En ressentant toutefois, à chacune de ces découvertes, une grande quantité de ce que je ne peux pas appeler autrement qu‘ennui. Voilà le mot lâché. La charge la plus lourde de la condition humaine, comme dit Jean Giono ; j’exagère un peu, l’ennui gionien conduisant aux pires extrémités (celles d’Un Roi sans divertissement), celui de Desplechin n’amenant qu’à la sensation d’avoir bêtement perdu deux heures de sa vie, ce qui n’est pas rien, pourtant.
Pas à dire, Roubaix, une lumière, c’est bien interprété et bien filmé, rien à reprocher. On sent la patte (et la pâte) d’un cinéaste de talent qui sait capter des images et diriger des acteurs. On est d’autant plus agacé qu’avec de telles qualités, le réalisateur n’aboutisse qu’à un gros gâteau indigeste qu’on n’a aucune envie d’apprécier.
Des films sur la routine policière, sur la sinistre, malodorante, accablante mission des éboueurs de la société, il y en a des centaines et davantage. Depuis peu de temps finalement le regard se porte tout autant sur le quotidien un peu minable des commissariats qu’il n’allait naguère sur les as de l’élucidation des crimes obscurs et sur l’arrestation des pires malfrats. Et donc, à Roubaix, une des villes les plus pourries de notre France, alors qu’elle en a été jadis une citadelle industrielle, il y a, vague petite clarté dans la saleté, une équipe d’hommes qui luttent. Équipe dirigé par Yacoub Daoud (Roschdy Zem), issu de la cité, qui y est demeuré. Dans l’équipe du commissaire arrive Louis (Antoine Reinartz) jeune policier catholique, idéaliste, un peu incertain sur le métier qu’il a choisi.
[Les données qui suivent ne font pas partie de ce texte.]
(* Let $\kappa=(\kappa_1,\dots,\kappa_n)\in\mathbb{R}^n$ and $\xi\in\mathbb{R}^n$. (1) Suppose $\kappa\in\Gamma_{\ell+2}$ and let $i_1,\dots,i_\ell$ be distinct indices. Then $$-\partial^2_\xi q_{2;i_1,\dots,i_\ell}\geq \frac{\big|[\xi]^\perp_{i_1,\dots,i_\ell}\big|^2}{\sigma_1(\kappa|i_1,\dots,i_\ell)}.$$ (2) Suppose $\kappa\in\Gamma_{k+2}$ and let $i_1$ be an index. Then $$-\partial^2_\xi q_{k+1;i_1}\geq -\sum_{i\in\{1,\dots,n\}\setminus\{i_1\}}\frac{\kappa_i^2\,\partial^2_{[\xi]_{i_1,i}}q_k([\kappa]_{i_1,i})}{(k+1)\,(q_{k;i_1,i}+\kappa_i)^2}.$$
   Context: $\sigma_m$ denotes the $m$-th elementary symmetric polynomial and $\Gamma_m=\{\kappa:\sigma_j(\kappa)>0,\ 1\le j\le m\}$ the Gårding cone. $\sigma_m(\kappa|i_1,\dots,i_r)$ denotes $\sigma_m$ evaluated on $\kappa$ with the entries $\kappa_{i_1},\dots,\kappa_{i_r}$ removed (equivalently set to zero). $q_m=\sigma_m/\sigma_{m-1}$, and $q_{m;i_1,\dots,i_r}(\kappa)=\sigma_m(\kappa|i_1,\dots,i_r)/\sigma_{m-1}(\kappa|i_1,\dots,i_r)$. For a vector $v$, $[v]_{i_1,\dots,i_r}$ denotes the vector obtained by setting its $i_1$-th, ..., $i_r$-th components to zero; $[\xi]^\perp_{i_1,\dots,i_r}$ denotes the component of $[\xi]_{i_1,\dots,i_r}$ orthogonal to $[\kappa]_{i_1,\dots,i_r}$. $\partial_\xi^2 f$ denotes the second directional derivative of $f$ at $\kappa$ in direction $\xi$, i.e. $\sum_{p,q}\frac{\partial^2 f}{\partial\kappa_p\partial\kappa_q}\xi_p\xi_q$; $\partial^2_{[\xi]_{i_1,i}}q_k([\kappa]_{i_1,i})$ is the second derivative of $q_k$ at $[\kappa]_{i_1,i}$ in direction $[\xi]_{i_1,i}$. *)

theory Defs
  imports "HOL-Analysis.Analysis"
begin

definition sigma :: "nat \<Rightarrow> real^'n \<Rightarrow> real" where
  "sigma m x = (\<Sum>S\<in>{S::'n set. card S = m}. \<Prod>i\<in>S. x $ i)"

definition garding_cone :: "nat \<Rightarrow> (real^'n) set" where
  "garding_cone m = {x. \<forall>j\<in>{1..m}. sigma j x > 0}"

definition zero_out :: "'n set \<Rightarrow> real^'n \<Rightarrow> real^'n" where
  "zero_out I v = (\<chi> i. if i \<in> I then 0 else v $ i)"

definition sigma_del :: "nat \<Rightarrow> 'n set \<Rightarrow> real^'n \<Rightarrow> real" where
  "sigma_del m I x = sigma m (zero_out I x)"

definition q :: "nat \<Rightarrow> real^'n \<Rightarrow> real" where
  "q m x = sigma m x / sigma (m - 1) x"

definition q_del :: "nat \<Rightarrow> 'n set \<Rightarrow> real^'n \<Rightarrow> real" where
  "q_del m I x = sigma_del m I x / sigma_del (m - 1) I x"

definition perp_part :: "'n set \<Rightarrow> real^'n \<Rightarrow> real^'n \<Rightarrow> real^'n" where
  "perp_part I \<kappa> \<xi> = zero_out I \<xi> -
     ((zero_out I \<xi> \<bullet> zero_out I \<kappa>) / (norm (zero_out I \<kappa>))^2) *\<^sub>R zero_out I \<kappa>"

definition partial :: "'n \<Rightarrow> (real^'n \<Rightarrow> real) \<Rightarrow> real^'n \<Rightarrow> real" where
  "partial p f x = deriv (\<lambda>t. f (x + t *\<^sub>R axis p 1)) 0"

definition d2 :: "(real^'n \<Rightarrow> real) \<Rightarrow> real^'n \<Rightarrow> real^'n \<Rightarrow> real" where
  "d2 f x \<xi> = (\<Sum>p\<in>UNIV. \<Sum>r\<in>UNIV. partial p (partial r f) x * \<xi> $ p * \<xi> $ r)"

end

theory Submission
  imports Defs "HOL-Computational_Algebra.Polynomial"
begin

text \<open>
  For (1), on the coordinates outside I we have sigma_2 = (sigma_1^2 - |kappa|^2) / 2, so
  q_2 = sigma_1 / 2 - |kappa|^2 / (2 sigma_1). The function |kappa|^2 / sigma_1 is convex with
  second derivative 2 |xi - t kappa|^2 / sigma_1(kappa) in direction xi, where
  t = sigma_1(xi) / sigma_1(kappa), and |xi - t kappa| is at least the length of the component
  of xi orthogonal to kappa.
  For (2), with i_1 deleted throughout, the recursion sigma_k = sigma_k(.|i) + kappa_i sigma_(k-1)(.|i)
  and Euler's identity (k+1) sigma_(k+1) = sum_i kappa_i sigma_k(.|i) give
  q_(k+1) = (k+1)^(-1) sum_i kappa_i q_(k;i) / (kappa_i + q_(k;i)), and the second derivative of a
  harmonic combination f g / (f + g) is at most (g^2 f'' + f^2 g'') / (f + g)^2 where f + g > 0.
  All denominators are positive because deleting r entries maps Gamma_m into Gamma_(m-r); this
  follows from Newton's inequality sigma_(j-1) sigma_(j+1) <= sigma_j^2, which in turn comes from
  Rolle's theorem applied to the polynomial prod_i (t + kappa_i).
\<close>

section \<open>Elementary symmetric functions\<close>

definition esym :: "'a set \<Rightarrow> ('a \<Rightarrow> real) \<Rightarrow> nat \<Rightarrow> real" where
  "esym S x j = (\<Sum>T | T \<subseteq> S \<and> card T = j. \<Prod>i\<in>T. x i)"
Les affaires désolantes se succèdent, la triste eau grise quotidienne, si pénible à voir s’écouler, impossible à étancher. Si le film s’appelle aussi une lumière c’est sans doute aussi parce que le poste de police est le seul endroit où, nuit et jour, brûle une lampe, où on peut venir dire ses malheurs, jusqu’à en inventer, pleurer sur sa vie dévastée, tenter de fuir un destin complétement déterminé et absolument odieux.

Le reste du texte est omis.